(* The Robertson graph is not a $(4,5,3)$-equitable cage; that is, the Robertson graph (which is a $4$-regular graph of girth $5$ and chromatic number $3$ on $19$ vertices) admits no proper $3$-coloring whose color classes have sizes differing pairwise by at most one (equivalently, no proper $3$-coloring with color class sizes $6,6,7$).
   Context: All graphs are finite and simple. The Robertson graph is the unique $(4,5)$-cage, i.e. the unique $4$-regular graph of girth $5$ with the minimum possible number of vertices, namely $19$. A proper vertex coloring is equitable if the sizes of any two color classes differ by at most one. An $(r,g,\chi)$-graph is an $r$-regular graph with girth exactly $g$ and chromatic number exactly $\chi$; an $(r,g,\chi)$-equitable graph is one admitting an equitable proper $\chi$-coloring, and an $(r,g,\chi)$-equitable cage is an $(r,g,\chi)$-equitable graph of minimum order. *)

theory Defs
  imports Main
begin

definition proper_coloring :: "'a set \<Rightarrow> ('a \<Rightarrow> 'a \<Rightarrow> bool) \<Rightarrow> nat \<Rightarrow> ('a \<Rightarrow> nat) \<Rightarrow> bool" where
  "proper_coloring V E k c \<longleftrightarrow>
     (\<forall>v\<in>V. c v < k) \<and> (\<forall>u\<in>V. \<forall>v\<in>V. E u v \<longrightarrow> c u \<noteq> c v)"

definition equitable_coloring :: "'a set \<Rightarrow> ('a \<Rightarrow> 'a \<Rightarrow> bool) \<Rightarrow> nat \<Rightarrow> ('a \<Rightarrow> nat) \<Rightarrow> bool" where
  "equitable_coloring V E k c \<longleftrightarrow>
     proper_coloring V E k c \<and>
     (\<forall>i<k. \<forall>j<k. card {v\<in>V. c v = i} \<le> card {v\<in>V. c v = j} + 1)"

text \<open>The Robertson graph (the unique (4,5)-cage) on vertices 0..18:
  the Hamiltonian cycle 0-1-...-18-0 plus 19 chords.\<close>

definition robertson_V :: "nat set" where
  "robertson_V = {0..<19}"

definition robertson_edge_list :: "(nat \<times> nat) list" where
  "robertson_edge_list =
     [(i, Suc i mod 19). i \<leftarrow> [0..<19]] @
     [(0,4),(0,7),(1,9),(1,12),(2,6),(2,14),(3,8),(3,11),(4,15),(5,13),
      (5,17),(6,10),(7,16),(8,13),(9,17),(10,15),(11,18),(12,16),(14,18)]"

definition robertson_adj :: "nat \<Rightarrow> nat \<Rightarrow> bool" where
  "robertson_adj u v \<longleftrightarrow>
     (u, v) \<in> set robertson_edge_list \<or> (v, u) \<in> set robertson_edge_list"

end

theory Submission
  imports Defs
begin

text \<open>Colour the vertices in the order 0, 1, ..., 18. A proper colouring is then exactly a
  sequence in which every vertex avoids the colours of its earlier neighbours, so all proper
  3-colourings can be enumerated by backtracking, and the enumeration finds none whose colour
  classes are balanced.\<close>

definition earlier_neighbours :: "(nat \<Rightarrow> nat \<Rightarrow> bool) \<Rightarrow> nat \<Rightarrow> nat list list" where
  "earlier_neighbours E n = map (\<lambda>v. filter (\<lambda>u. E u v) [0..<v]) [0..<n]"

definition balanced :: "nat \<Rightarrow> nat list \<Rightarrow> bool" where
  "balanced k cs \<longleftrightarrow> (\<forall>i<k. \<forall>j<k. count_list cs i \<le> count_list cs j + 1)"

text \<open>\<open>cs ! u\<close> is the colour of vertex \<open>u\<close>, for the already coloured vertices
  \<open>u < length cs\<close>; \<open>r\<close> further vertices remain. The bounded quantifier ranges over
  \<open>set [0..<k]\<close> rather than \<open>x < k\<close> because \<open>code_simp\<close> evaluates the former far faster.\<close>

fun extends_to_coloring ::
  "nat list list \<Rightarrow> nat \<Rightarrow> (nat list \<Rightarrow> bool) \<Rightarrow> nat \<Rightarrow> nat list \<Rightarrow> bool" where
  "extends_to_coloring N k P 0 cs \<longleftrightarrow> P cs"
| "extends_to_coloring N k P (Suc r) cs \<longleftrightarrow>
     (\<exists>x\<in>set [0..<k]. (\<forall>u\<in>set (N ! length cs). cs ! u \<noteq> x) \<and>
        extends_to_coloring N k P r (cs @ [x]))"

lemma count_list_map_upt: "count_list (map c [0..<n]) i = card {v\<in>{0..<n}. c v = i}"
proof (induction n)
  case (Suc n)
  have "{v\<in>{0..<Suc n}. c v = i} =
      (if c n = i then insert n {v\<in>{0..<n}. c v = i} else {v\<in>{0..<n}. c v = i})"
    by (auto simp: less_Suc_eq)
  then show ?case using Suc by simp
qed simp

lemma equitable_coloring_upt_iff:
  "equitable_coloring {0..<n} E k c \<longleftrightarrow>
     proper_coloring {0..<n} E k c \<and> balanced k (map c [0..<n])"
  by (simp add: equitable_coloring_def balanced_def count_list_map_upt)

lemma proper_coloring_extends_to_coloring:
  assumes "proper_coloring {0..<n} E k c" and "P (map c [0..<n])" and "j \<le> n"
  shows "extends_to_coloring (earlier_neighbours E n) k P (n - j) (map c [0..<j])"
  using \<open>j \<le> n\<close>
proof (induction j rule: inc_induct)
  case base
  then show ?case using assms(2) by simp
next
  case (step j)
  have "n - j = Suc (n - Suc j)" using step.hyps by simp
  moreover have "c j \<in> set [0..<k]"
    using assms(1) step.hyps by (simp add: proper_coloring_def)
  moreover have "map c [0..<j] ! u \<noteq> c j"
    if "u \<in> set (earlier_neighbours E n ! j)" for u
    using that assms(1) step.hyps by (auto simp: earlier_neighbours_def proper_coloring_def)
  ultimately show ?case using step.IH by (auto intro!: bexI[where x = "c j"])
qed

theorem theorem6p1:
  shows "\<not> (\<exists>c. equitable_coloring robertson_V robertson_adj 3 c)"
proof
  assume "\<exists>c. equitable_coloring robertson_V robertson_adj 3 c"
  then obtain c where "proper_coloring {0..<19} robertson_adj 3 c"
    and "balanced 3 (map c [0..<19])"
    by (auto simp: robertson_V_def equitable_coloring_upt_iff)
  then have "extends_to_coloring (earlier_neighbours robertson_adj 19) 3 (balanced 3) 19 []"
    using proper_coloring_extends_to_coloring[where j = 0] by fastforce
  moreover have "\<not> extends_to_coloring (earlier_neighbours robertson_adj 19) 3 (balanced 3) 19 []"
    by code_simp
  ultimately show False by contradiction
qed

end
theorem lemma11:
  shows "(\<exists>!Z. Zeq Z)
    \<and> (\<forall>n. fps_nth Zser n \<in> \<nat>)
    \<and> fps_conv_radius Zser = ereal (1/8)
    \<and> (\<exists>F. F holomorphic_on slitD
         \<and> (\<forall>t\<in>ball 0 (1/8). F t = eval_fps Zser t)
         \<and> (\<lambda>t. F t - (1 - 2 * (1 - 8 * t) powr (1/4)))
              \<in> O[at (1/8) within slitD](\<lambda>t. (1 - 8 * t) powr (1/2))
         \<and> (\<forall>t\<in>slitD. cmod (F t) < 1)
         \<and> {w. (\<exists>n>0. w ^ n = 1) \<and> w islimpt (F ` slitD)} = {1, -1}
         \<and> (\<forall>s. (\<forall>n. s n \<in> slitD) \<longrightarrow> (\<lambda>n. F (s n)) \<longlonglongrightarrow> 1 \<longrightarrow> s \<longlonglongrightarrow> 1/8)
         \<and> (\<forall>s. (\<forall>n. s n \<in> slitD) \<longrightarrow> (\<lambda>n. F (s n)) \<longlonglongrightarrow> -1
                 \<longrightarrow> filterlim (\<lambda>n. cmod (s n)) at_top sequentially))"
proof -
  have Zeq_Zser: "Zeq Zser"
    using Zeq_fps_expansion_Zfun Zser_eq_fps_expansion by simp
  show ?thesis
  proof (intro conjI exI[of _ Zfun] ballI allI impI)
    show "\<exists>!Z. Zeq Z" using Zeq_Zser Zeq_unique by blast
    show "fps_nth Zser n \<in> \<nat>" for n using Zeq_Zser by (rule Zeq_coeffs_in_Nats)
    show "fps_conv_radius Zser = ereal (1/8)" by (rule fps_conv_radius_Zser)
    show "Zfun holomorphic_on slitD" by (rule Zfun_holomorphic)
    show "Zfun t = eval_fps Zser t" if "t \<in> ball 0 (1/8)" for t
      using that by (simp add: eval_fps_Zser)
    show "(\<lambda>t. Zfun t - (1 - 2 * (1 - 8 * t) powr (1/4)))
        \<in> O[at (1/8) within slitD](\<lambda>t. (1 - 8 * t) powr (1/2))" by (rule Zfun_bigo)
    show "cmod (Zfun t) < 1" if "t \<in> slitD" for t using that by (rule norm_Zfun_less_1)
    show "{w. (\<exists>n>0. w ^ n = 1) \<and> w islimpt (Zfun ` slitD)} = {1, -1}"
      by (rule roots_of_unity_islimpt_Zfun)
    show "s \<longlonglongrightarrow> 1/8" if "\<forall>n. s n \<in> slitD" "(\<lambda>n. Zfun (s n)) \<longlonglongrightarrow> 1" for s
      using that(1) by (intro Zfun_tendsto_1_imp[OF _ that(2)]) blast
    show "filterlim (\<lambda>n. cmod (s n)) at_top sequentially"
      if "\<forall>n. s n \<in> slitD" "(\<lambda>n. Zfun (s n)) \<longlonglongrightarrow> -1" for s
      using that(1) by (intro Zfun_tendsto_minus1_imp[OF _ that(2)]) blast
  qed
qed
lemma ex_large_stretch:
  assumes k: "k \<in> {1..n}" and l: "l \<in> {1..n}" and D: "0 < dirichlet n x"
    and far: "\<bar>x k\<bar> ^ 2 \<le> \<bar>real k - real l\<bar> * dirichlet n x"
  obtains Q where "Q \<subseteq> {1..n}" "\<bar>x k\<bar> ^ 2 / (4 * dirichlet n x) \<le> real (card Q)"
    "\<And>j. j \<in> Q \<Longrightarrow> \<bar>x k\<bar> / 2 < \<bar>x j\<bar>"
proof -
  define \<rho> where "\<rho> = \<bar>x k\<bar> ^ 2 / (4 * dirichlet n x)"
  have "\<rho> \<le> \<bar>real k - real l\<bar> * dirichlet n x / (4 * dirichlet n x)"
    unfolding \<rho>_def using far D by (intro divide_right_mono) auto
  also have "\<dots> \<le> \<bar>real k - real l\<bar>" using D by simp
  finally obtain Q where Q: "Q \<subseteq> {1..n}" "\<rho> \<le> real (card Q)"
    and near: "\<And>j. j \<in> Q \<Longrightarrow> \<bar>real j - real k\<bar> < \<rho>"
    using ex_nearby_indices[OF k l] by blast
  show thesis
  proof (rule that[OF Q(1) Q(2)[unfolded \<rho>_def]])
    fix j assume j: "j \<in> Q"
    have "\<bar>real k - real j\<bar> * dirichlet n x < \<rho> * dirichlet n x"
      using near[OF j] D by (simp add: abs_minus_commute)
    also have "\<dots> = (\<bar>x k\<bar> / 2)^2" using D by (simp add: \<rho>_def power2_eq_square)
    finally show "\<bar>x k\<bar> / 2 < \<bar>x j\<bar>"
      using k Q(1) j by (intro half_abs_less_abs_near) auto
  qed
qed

———

Work required
Each line in the listing above from the one containing "using that assms(1)" through the one containing "w islimpt (F" should be repeated exactly, and no other line.

Finished exercise
    using that assms(1) step.hyps by (auto simp: earlier_neighbours_def proper_coloring_def)
  ultimately show ?case using step.IH by (auto intro!: bexI[where x = "c j"])
qed

theorem theorem6p1:
  shows "\<not> (\<exists>c. equitable_coloring robertson_V robertson_adj 3 c)"
proof
  assume "\<exists>c. equitable_coloring robertson_V robertson_adj 3 c"
  then obtain c where "proper_coloring {0..<19} robertson_adj 3 c"
    and "balanced 3 (map c [0..<19])"
    by (auto simp: robertson_V_def equitable_coloring_upt_iff)
  then have "extends_to_coloring (earlier_neighbours robertson_adj 19) 3 (balanced 3) 19 []"
    using proper_coloring_extends_to_coloring[where j = 0] by fastforce
  moreover have "\<not> extends_to_coloring (earlier_neighbours robertson_adj 19) 3 (balanced 3) 19 []"
    by code_simp
  ultimately show False by contradiction
qed

end
theorem lemma11:
  shows "(\<exists>!Z. Zeq Z)
    \<and> (\<forall>n. fps_nth Zser n \<in> \<nat>)
    \<and> fps_conv_radius Zser = ereal (1/8)
    \<and> (\<exists>F. F holomorphic_on slitD
         \<and> (\<forall>t\<in>ball 0 (1/8). F t = eval_fps Zser t)
         \<and> (\<lambda>t. F t - (1 - 2 * (1 - 8 * t) powr (1/4)))
              \<in> O[at (1/8) within slitD](\<lambda>t. (1 - 8 * t) powr (1/2))
         \<and> (\<forall>t\<in>slitD. cmod (F t) < 1)
         \<and> {w. (\<exists>n>0. w ^ n = 1) \<and> w islimpt (F ` slitD)} = {1, -1}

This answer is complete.